Stored data entries:
definition S4 :: "nat \<Rightarrow> (nat \<Rightarrow> real) \<Rightarrow> nat set" where
  "S4 n h = {j\<in>{1..n}. h j \<le> 1/2 \<and>
      (\<exists>k::nat. k \<ge> 1 \<and> (1/2)^(k+1) < h j \<and> h j \<le> 2/3 * (1/2)^k)}"

definition h3 :: "(nat \<Rightarrow> real) \<Rightarrow> nat \<Rightarrow> real" where
  "h3 h j = (THE x. \<exists>k::nat. k \<ge> 1 \<and> x = (1/2)^k \<and> 2/3 * (1/2)^k < h j \<and> h j \<le> (1/2)^k)"

definition h4 :: "(nat \<Rightarrow> real) \<Rightarrow> nat \<Rightarrow> real" where
  "h4 h j = (THE x. \<exists>k::nat. k \<ge> 1 \<and> x = 2/3 * (1/2)^k \<and> (1/2)^(k+1) < h j \<and> h j \<le> 2/3 * (1/2)^k)"

definition sh3 :: "nat \<Rightarrow> (nat \<Rightarrow> real) \<Rightarrow> real" where
  "sh3 n h = (\<Sum>j\<in>S3 n h. h3 h j)"

definition sh4 :: "nat \<Rightarrow> (nat \<Rightarrow> real) \<Rightarrow> real" where
  "sh4 n h = (\<Sum>j\<in>S4 n h. h4 h j)"

definition pi1 :: "nat \<Rightarrow> (nat \<Rightarrow> real) \<Rightarrow> int" where
  "pi1 n h = int (card (S1 n h))"

definition pi3 :: "nat \<Rightarrow> (nat \<Rightarrow> real) \<Rightarrow> int" where
  "pi3 n h = \<lfloor>sh3 n h\<rfloor>"

definition pi4 :: "nat \<Rightarrow> (nat \<Rightarrow> real) \<Rightarrow> int" where
  "pi4 n h = \<lfloor>sh4 n h\<rfloor>"

definition f3 :: "nat \<Rightarrow> (nat \<Rightarrow> real) \<Rightarrow> real" where
  "f3 n h = sh3 n h - of_int (pi3 n h)"

definition f4 :: "nat \<Rightarrow> (nat \<Rightarrow> real) \<Rightarrow> real" where
  "f4 n h = sh4 n h - of_int (pi4 n h)"

definition z_a :: "nat \<Rightarrow> (nat \<Rightarrow> real) \<Rightarrow> real" where
  "z_a n h = of_int (pi1 n h + int (card (S2 n h)) + pi3 n h + pi4 n h
                     + \<lceil>f3 n h + f4 n h\<rceil>)"

definition z_b :: "nat \<Rightarrow> (nat \<Rightarrow> real) \<Rightarrow> ereal" where
  "z_b n h = (if S2 n h = {} then \<infinity> else
     (let hs = Max (h ` S2 n h);
          f2 = (if odd (card (S2 n h)) then 1/2 else 0 :: real)
      in ereal (2 * hs * of_int (pi1 n h + int (card (S2 n h) div 2) + pi3 n h + pi4 n h
                                  + \<lceil>f2 + f3 n h + f4 n h\<rceil>))))"

definition H_PW2 :: "nat \<Rightarrow> (nat \<Rightarrow> real) \<Rightarrow> ereal" where
  "H_PW2 n h = min (ereal (z_a n h)) (z_b n h)"

end

theory Submission
  imports Defs
begin

text \<open>A schedule whose heights never exceed H cuts bamboo b_j at least h(j) t / H - 1 times
  during the first t days; as exactly t cuts happen in total, the density \<Sum>h(j) is a lower
  bound for H^*. The four classes contribute to this density at least
  1 + 2/3 (\<pi>_1 - 1), h^* + 1/2 (|S_2| - 1), 2/3 sh_3 and 2/3 sh_4 respectively, while for even
  |S_2| option (b) costs less than 2h^* (\<pi>_1 + |S_2|/2 + sh_3 + sh_4 + 1). The hypothesis
  \<pi>_1 + \<pi>_3 + \<pi>_4 \<le> |S_2| makes the S_2 term dominate, and since h^* \<le> 2/3 the
  ratio of these two bounds stays below 32000/16947.\<close>

fun cut_count :: "(nat \<Rightarrow> nat) \<Rightarrow> nat \<Rightarrow> nat \<Rightarrow> nat" where
  "cut_count \<sigma> j 0 = 0"
| "cut_count \<sigma> j (Suc t) = cut_count \<sigma> j t + (if \<sigma> (Suc t) = j then 1 else 0)"

lemma sum_cut_count:
  assumes "schedule n \<sigma>"
  shows "(\<Sum>j\<in>{1..n}. cut_count \<sigma> j t) = t"
proof (induction t)
  case 0
  then show ?case by simp
next
  case (Suc t)
  have "\<sigma> (Suc t) \<in> {1..n}"
    using assms unfolding schedule_def by auto
  then have "(\<Sum>j\<in>{1..n}. if \<sigma> (Suc t) = j then 1 else 0::nat) = 1"
    by (simp add: sum.delta)
  with Suc show ?case
    by (simp add: sum.distrib)
qed

lemma height_after_le_bound:
  assumes "\<forall>t\<ge>1. height_before h \<sigma> j t \<le> H" and "0 \<le> h j"
  shows "height_after h \<sigma> j t \<le> H"
  using assms(1)[rule_format, of "Suc t"] assms(2) by (simp add: height_before_def)

lemma growth_le_cut_count:
  assumes "\<forall>t\<ge>1. height_before h \<sigma> j t \<le> H"
  shows "h j * real t \<le> H * real (cut_count \<sigma> j t) + height_after h \<sigma> j t"
proof (induction t)
  case 0
  then show ?case by simp
next
  case (Suc t)
  have "height_after h \<sigma> j t + h j \<le> H"
    using assms[rule_format, of "Suc t"] by (simp add: height_before_def)
  with Suc show ?case
    by (simp add: algebra_simps)
qed

lemma sum_rates_le_height_bound:
  assumes "schedule n \<sigma>" and nonneg: "\<forall>j\<in>{1..n}. 0 \<le> h j"
    and bound: "\<forall>t\<ge>1. \<forall>j\<in>{1..n}. height_before h \<sigma> j t \<le> H"
  shows "(\<Sum>j\<in>{1..n}. h j) \<le> H"
proof (rule ccontr)
  define D where "D = (\<Sum>j\<in>{1..n}. h j)"
  assume "\<not> D \<le> H"
  then have gap: "0 < D - H" by simp
  have density: "D * real t \<le> H * real t + H * real n" for t
  proof -
    have "h j * real t \<le> H * real (cut_count \<sigma> j t) + H" if "j \<in> {1..n}" for j
      using growth_le_cut_count[of h \<sigma> j H t] height_after_le_bound[of h \<sigma> j H t]
        bound nonneg that by fastforce
    then have "(\<Sum>j\<in>{1..n}. h j * real t) \<le> (\<Sum>j\<in>{1..n}. H * real (cut_count \<sigma> j t) + H)"
      by (rule sum_mono)
    also have "\<dots> = H * real t + H * real n"
      using sum_cut_count[OF assms(1), of t]
      by (simp add: sum.distrib flip: sum_distrib_left of_nat_sum)
    finally show ?thesis
      by (simp add: D_def sum_distrib_right)
  qed
  obtain t :: nat where "H * real n / (D - H) < real t"
    using reals_Archimedean2 by blast
  with gap have "H * real n < real t * (D - H)"
    by (simp add: pos_divide_less_eq)
  with density[of t] show False
    by (simp add: algebra_simps)
qed

lemma height_after_le_elapsed:
  "0 \<le> h j \<Longrightarrow> height_after h \<sigma> j t \<le> h j * real t"
  by (induction t) (auto simp: algebra_simps)

lemma height_after_le_since_cut:
  assumes "0 \<le> h j" and "\<sigma> t' = j" and "1 \<le> t'" and "t' \<le> t"
  shows "height_after h \<sigma> j t \<le> h j * real (t - t')"
  using assms(4)
proof (induction t)
  case 0
  then show ?case using assms(3) by simp
next
  case (Suc t)
  show ?case
  proof (cases "\<sigma> (Suc t) = j")
    case True
    then show ?thesis using assms(1) by simp
  next
    case False
    with Suc.prems assms(2) have "t' \<le> t"
      by (cases "t' = Suc t") auto
    with False Suc.IH show ?thesis
      by (simp add: Suc_diff_le algebra_simps)
  qed
qed

lemma height_before_le_of_cut_windows:
  assumes "0 \<le> h j"
    and windows: "\<And>m. p \<le> m \<Longrightarrow> \<exists>t'. \<sigma> t' = j \<and> 1 \<le> t' \<and> t' \<le> m \<and> m < t' + p"
  shows "height_before h \<sigma> j t \<le> h j * real p"
proof -
  have "height_after h \<sigma> j m \<le> h j * (real p - 1)" for m
  proof (cases "m < p")
    case True
    then have "real m \<le> real p - 1" by linarith
    then show ?thesis
      using height_after_le_elapsed[of h j \<sigma> m] assms(1)
      by (meson mult_left_mono order_trans)
  next
    case False
    then obtain t' where "\<sigma> t' = j" "1 \<le> t'" "t' \<le> m" "m < t' + p"
      using windows[of m] by auto
    then have "height_after h \<sigma> j m \<le> h j * real (m - t')" and "real (m - t') \<le> real p - 1"
      using height_after_le_since_cut[of h j \<sigma> t' m] assms(1) by auto
    then show ?thesis
      using assms(1) by (meson mult_left_mono order_trans)
  qed
  then show ?thesis
    by (simp add: height_before_def algebra_simps)
qed

lemma bgt_instance_rate_bounds:
  assumes "bgt_instance n h" and "j \<in> {1..n}"
  shows "0 < h j" and "h j \<le> 1"
proof -
  have "h n \<le> h j" "h j \<le> h 1" "0 < h n" "h 1 = 1"
    using assms unfolding bgt_instance_def by auto
  then show "0 < h j" and "h j \<le> 1" by auto
qed

definition round_robin :: "nat \<Rightarrow> nat \<Rightarrow> nat" where
  "round_robin n t = (t - 1) mod n + 1"

lemma schedule_round_robin: "1 \<le> n \<Longrightarrow> schedule n (round_robin n)"
  by (auto simp: schedule_def round_robin_def Suc_le_eq)

lemma round_robin_cut_window:
  assumes "j \<in> {1..n}" and "n \<le> m"
  shows "\<exists>t'. round_robin n t' = j \<and> 1 \<le> t' \<and> t' \<le> m \<and> m < t' + n"
proof -
  define t' where "t' = j + n * ((m - j) div n)"
  have "t' - 1 = (j - 1) + n * ((m - j) div n)"
    using assms(1) by (simp add: t'_def)
  then have "(t' - 1) mod n = (j - 1) mod n"
    by simp
  also have "\<dots> = j - 1"
    using assms(1) by (intro mod_less) auto
  finally have "round_robin n t' = j"
    using assms(1) by (simp add: round_robin_def)
  moreover have "t' + (m - j) mod n = m"
    using assms by (simp add: t'_def add.assoc)
  moreover have "(m - j) mod n < n" and "1 \<le> t'"
    using assms by (auto simp: t'_def)
  ultimately show ?thesis
    by (metis add_less_cancel_left le_add1)
qed

lemma bounded_schedule_exists:
  assumes "bgt_instance n h"
  shows "\<exists>\<sigma>. schedule n \<sigma> \<and> (\<forall>t\<ge>1. \<forall>j\<in>{1..n}. height_before h \<sigma> j t \<le> real n)"
proof (intro exI conjI allI impI ballI)
  have "1 \<le> n"
    using assms by (simp add: bgt_instance_def)
  then show "schedule n (round_robin n)"
    by (rule schedule_round_robin)
  fix t j
  assume "j \<in> {1..n}"
  then have "0 \<le> h j" "h j \<le> 1"
    using bgt_instance_rate_bounds[OF assms] by (auto simp: less_imp_le)
  then show "height_before h (round_robin n) j t \<le> real n"
    using height_before_le_of_cut_windows[of h j n "round_robin n" t] round_robin_cut_window[OF \<open>j \<in> {1..n}\<close>]
    by (meson mult_left_le_one_le of_nat_0_le_iff order_trans)
qed

lemma sum_rates_le_Hstar:
  assumes "bgt_instance n h"
  shows "(\<Sum>j\<in>{1..n}. h j) \<le> Hstar n h"
proof -
  have "\<forall>j\<in>{1..n}. 0 \<le> h j"
    using bgt_instance_rate_bounds(1)[OF assms] by (auto simp: less_imp_le)
  then show ?thesis
    unfolding Hstar_def
    using bounded_schedule_exists[OF assms] sum_rates_le_height_bound
    by (intro cInf_greatest) auto
qed

lemma scaled_half_pow_interval_unique:
  fixes a b x :: real
  assumes "0 < a" and "b \<le> 2 * a"
    and "a * (1/2)^k < x" and "x \<le> b * (1/2)^k"
    and "a * (1/2)^l < x" and "x \<le> b * (1/2)^l"
  shows "k = l"
proof -
  have "0 < a * (1/2)^k"
    using assms(1) by simp
  then have "0 < b * (1/2)^k"
    using assms(3,4) by linarith
  then have "0 < b"
    by (simp add: zero_less_mult_iff)
  have False if "k' < l'" and "a * (1/2)^k' < x" and "x \<le> b * (1/2)^l'" for k' l'
  proof -
    have "(1/2::real)^l' \<le> (1/2)^Suc k'"
      using that(1) by (intro power_decreasing) auto
    then have "b * (1/2)^l' \<le> b / 2 * (1/2)^k'"
      using \<open>0 < b\<close> by (simp add: mult_left_mono)
    also have "\<dots> \<le> a * (1/2)^k'"
      using assms(2) by (simp add: mult_right_mono)
    finally show False
      using that(2,3) by linarith
  qed
  then have "\<not> k < l" and "\<not> l < k"
    using assms(3-6) by blast+
  then show ?thesis
    by simp
qed

lemma h3_eq:
  assumes "1 \<le> k" and "2/3 * (1/2)^k < h j" and "h j \<le> (1/2)^k"
  shows "h3 h j = (1/2)^k"
  unfolding h3_def
proof (rule the_equality)
  show "\<exists>k'::nat. k' \<ge> 1 \<and> (1/2)^k = (1/2::real)^k' \<and> 2/3 * (1/2)^k' < h j \<and> h j \<le> (1/2)^k'"
    using assms by blast
next
  fix x
  assume "\<exists>k'::nat. k' \<ge> 1 \<and> x = (1/2)^k' \<and> 2/3 * (1/2)^k' < h j \<and> h j \<le> (1/2)^k'"
  then obtain k' where "x = (1/2)^k'" and "2/3 * (1/2)^k' < h j" and "h j \<le> (1/2)^k'"
    by blast
  moreover from this assms have "k' = k"
    by (intro scaled_half_pow_interval_unique[of "2/3" 1 k' "h j" k]) auto
  ultimately show "x = (1/2)^k"
    by simp
qed

lemma h4_eq:
  assumes "1 \<le> k" and "(1/2)^(k+1) < h j" and "h j \<le> 2/3 * (1/2)^k"
  shows "h4 h j = 2/3 * (1/2)^k"
  unfolding h4_def
proof (rule the_equality)
  show "\<exists>k'::nat. k' \<ge> 1 \<and> 2/3 * (1/2)^k = 2/3 * (1/2::real)^k' \<and> (1/2)^(k'+1) < h j \<and> h j \<le> 2/3 * (1/2)^k'"
    using assms by blast
next
  fix x
  assume "\<exists>k'::nat. k' \<ge> 1 \<and> x = 2/3 * (1/2)^k' \<and> (1/2)^(k'+1) < h j \<and> h j \<le> 2/3 * (1/2)^k'"
  then obtain k' where "x = 2/3 * (1/2)^k'" and "(1/2)^(k'+1) < h j" and "h j \<le> 2/3 * (1/2)^k'"
    by blast
  moreover from this assms have "k' = k"
    by (intro scaled_half_pow_interval_unique[of "1/2" "2/3" k' "h j" k]) auto
  ultimately show "x = 2/3 * (1/2)^k"
    by simp
qed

INSTRUCTIONS TO FOLLOW:
Lines of the data that include the string "finally" are to be counted; report the total by itself.

WRITTEN RESPONSE:
3